The Victoria Cross
22 January 2009 by Nick Fletcher. Collection, News, Hancocks, VC, Victoria Cross. Comments (11)
Victoria Cross, the highest award for bravery in time of war RELAWM16499.001The Victoria Cross for Australia replaces the Victoria Cross in the Australian Honours and Awards system. It was instituted in 1991, and the first award was made on 16 February 2009, to Trooper Mark Donaldson, Special Air Service Regiment, for gallantry in Oruzgan Province, Afghanistan, on 2 September 2008. The reason for the change to the historic medal was to allow Australians to remain eligible for what is widely considered to be the world’s most prestigious gallantry award.
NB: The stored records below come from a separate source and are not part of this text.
lemma preserves_cyclic_order_inv:
  assumes "bij_betw \<phi> U U" "preserves_cyclic_order U \<phi>"
  shows "preserves_cyclic_order U (inv_into U \<phi>)"
  unfolding preserves_cyclic_order_def
proof (intro ballI)
  fix a b c assume abc: "a \<in> U" "b \<in> U" "c \<in> U"
  let ?g = "inv_into U \<phi>"
  have "\<And>x. x \<in> U \<Longrightarrow> ?g x \<in> U" "\<And>x. x \<in> U \<Longrightarrow> \<phi> (?g x) = x"
    using assms(1) by (auto simp: bij_betw_def inv_into_into f_inv_into_f)
  then show "cyclic (?g a) (?g b) (?g c) = cyclic a b c"
    using assms(2) abc unfolding preserves_cyclic_order_def by metis
qed

lemma relabel_cancel:
  assumes "\<And>x. x \<in> U \<Longrightarrow> \<psi> (\<phi> x) = x" and "\<forall>e\<in>X. e \<subseteq> U"
  shows "relabel \<psi> (relabel \<phi> X) = X"
proof -
  have "\<psi> ` \<phi> ` e = e" if "e \<in> X" for e
    using assms that by (force simp: image_image)
  then show ?thesis unfolding relabel_def image_image by simp
qed

lemma crosses_relabel:
  assumes inj: "inj_on \<phi> {..<2*p}" and cyc: "preserves_cyclic_order {..<2*p} \<phi>"
    and X: "is_matching p X" and Y: "is_matching p Y" and e: "e \<in> X" and f: "f \<in> Y"
  shows "crosses (\<phi> ` e) (\<phi> ` f) = crosses e f"
proof -
  obtain a b where "e = {a,b}" "a < b" "b < 2*p" using matching_edge[OF X e] by blast
  moreover obtain c d where "f = {c,d}" "c < d" "d < 2*p" using matching_edge[OF Y f] by blast
  ultimately show ?thesis
    using inj cyc unfolding preserves_cyclic_order_def by (simp add: crosses_iff_cyclic)
qed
Since the VC, a British imperial medal, was not compatible with the new Australian system of honours and awards, Queen Elizabeth II agreed to a new award; ‘The Victoria Cross for Australia’. The medal itself is completely unchanged, and is in fact a Victoria Cross in everything but name. It is still manufactured by Hancocks, and each award is individually approved by Her Majesty the Queen. Under a similar system, the Victoria Cross of Canada was created in 1993 and the Victoria Cross for New Zealand in 1999. The only other example of these Commonwealth awards so far was made to Corporal Willie Apiata, of the New Zealand SAS, in July 2007. This award was also for gallantry in Afghanistan, in 2004.
It should be noted that the recent awards of the Victoria Cross to Australia and the Victoria Cross to New Zealand are NOT considered by the British Government to be awards of the Victoria Cross. They are awards unique to the countries concerned. Australians, however, will consider Trooper Donaldson’s award to be the latest in a long line which stretches back to Captain (later Sir) Neville Howse in South Africa in 1900. This means that 97 Australians have now been awarded the Victoria Cross.